- _What you need to do_: Restate word for word the lines of the entries below, starting with the line that holds "a + kernel_form" and ending with the line that holds "using kspan_eq_sum[OF assms(1,2)]", and no others.

- _Supplied material_:
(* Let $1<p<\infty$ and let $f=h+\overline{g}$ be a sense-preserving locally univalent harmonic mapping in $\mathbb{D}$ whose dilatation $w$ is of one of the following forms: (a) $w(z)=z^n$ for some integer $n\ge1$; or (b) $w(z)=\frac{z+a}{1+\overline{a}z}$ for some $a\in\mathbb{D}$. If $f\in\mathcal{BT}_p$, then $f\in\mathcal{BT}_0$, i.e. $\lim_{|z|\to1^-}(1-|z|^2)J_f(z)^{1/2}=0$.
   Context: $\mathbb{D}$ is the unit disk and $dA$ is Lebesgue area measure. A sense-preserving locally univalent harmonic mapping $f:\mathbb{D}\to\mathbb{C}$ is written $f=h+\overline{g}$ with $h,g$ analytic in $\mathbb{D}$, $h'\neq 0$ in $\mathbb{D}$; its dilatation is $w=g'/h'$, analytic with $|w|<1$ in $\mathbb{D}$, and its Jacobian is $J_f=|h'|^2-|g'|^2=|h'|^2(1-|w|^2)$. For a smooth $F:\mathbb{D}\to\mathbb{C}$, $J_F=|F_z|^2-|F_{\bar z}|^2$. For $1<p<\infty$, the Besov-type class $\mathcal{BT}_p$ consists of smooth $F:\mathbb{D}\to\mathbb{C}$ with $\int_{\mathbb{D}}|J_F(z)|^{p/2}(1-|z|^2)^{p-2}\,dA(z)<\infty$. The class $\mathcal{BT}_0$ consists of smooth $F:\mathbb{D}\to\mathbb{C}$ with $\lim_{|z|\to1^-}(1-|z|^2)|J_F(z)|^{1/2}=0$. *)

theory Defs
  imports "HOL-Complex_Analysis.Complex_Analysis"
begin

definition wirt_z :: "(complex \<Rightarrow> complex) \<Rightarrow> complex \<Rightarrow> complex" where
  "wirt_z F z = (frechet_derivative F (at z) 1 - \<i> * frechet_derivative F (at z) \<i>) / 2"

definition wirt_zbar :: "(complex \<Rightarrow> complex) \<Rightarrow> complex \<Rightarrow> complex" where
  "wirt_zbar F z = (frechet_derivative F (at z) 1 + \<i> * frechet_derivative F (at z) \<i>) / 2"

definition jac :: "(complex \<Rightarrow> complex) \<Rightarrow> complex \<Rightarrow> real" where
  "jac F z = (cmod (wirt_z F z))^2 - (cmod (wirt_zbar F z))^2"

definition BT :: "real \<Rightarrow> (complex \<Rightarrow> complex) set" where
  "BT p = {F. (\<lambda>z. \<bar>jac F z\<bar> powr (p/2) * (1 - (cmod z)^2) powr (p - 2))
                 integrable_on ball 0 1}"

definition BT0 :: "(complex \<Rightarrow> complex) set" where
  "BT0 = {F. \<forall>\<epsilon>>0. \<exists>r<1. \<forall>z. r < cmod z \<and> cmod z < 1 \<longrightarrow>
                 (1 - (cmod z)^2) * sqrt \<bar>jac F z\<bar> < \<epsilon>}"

---

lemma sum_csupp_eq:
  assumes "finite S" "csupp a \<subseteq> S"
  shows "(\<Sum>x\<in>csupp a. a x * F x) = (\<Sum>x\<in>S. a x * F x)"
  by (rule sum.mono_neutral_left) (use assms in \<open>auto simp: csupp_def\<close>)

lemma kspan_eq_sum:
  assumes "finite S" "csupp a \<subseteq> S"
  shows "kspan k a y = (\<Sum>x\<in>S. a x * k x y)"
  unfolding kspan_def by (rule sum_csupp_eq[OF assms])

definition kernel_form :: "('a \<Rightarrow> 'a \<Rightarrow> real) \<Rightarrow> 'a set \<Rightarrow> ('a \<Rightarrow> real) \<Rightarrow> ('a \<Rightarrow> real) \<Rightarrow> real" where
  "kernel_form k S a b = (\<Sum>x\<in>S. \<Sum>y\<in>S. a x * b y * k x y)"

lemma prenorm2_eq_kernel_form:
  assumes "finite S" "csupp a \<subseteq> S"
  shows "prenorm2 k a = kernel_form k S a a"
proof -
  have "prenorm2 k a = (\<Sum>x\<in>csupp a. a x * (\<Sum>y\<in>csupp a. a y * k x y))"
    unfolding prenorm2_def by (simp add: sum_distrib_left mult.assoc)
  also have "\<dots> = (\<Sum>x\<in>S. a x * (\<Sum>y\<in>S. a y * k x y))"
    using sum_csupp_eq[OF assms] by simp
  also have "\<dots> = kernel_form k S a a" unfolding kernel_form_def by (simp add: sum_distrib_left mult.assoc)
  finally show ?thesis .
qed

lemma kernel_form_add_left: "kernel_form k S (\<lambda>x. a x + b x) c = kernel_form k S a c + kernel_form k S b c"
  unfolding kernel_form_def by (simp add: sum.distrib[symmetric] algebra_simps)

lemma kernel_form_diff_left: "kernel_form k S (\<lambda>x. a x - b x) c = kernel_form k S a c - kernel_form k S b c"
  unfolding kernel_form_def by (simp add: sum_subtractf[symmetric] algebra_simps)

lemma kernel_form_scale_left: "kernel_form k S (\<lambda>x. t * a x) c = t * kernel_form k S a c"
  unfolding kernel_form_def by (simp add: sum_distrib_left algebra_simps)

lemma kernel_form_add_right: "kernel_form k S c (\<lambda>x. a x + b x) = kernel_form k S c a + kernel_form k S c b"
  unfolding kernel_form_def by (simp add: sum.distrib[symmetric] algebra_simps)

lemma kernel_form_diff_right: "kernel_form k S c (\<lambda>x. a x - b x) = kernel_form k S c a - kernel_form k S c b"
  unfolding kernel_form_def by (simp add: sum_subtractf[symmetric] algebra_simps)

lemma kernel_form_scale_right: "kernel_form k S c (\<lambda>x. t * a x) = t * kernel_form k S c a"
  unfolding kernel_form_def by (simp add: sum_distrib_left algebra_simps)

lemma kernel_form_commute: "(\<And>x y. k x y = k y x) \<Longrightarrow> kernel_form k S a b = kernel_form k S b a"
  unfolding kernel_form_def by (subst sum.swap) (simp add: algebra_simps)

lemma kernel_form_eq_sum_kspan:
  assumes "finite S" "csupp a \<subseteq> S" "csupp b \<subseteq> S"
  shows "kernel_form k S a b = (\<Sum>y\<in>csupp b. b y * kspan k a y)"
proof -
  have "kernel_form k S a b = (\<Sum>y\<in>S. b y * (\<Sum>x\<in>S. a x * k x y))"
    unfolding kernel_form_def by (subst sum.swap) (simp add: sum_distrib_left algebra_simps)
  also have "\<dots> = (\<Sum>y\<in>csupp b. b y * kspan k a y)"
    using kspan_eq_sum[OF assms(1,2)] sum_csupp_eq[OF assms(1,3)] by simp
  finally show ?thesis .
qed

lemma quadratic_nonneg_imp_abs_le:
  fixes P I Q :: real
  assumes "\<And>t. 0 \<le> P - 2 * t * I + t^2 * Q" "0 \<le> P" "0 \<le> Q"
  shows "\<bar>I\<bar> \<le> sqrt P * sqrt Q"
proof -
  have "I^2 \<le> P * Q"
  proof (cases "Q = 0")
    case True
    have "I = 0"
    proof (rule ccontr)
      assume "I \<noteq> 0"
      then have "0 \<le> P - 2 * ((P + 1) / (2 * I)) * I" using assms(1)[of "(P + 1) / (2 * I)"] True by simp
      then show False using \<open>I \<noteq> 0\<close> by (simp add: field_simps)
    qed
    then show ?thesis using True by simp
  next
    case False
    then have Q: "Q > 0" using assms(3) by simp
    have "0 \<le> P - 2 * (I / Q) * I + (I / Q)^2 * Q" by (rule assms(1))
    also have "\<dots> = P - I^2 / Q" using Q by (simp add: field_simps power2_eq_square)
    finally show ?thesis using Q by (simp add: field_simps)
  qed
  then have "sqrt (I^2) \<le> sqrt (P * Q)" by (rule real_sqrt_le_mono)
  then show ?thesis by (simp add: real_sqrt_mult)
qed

- _Response to this task_:
lemma kernel_form_add_right: "kernel_form k S c (\<lambda>x. a x + b x) = kernel_form k S c a + kernel_form k S c b"
  unfolding kernel_form_def by (simp add: sum.distrib[symmetric] algebra_simps)

lemma kernel_form_diff_right: "kernel_form k S c (\<lambda>x. a x - b x) = kernel_form k S c a - kernel_form k S c b"
  unfolding kernel_form_def by (simp add: sum_subtractf[symmetric] algebra_simps)

lemma kernel_form_scale_right: "kernel_form k S c (\<lambda>x. t * a x) = t * kernel_form k S c a"
  unfolding kernel_form_def by (simp add: sum_distrib_left algebra_simps)

lemma kernel_form_commute: "(\<And>x y. k x y = k y x) \<Longrightarrow> kernel_form k S a b = kernel_form k S b a"
  unfolding kernel_form_def by (subst sum.swap) (simp add: algebra_simps)

lemma kernel_form_eq_sum_kspan:
  assumes "finite S" "csupp a \<subseteq> S" "csupp b \<subseteq> S"
  shows "kernel_form k S a b = (\<Sum>y\<in>csupp b. b y * kspan k a y)"
proof -
  have "kernel_form k S a b = (\<Sum>y\<in>S. b y * (\<Sum>x\<in>S. a x * k x y))"
    unfolding kernel_form_def by (subst sum.swap) (simp add: sum_distrib_left algebra_simps)
  also have "\<dots> = (\<Sum>y\<in>csupp b. b y * kspan k a y)"
    using kspan_eq_sum[OF assms(1,2)] sum_csupp_eq[OF assms(1,3)] by simp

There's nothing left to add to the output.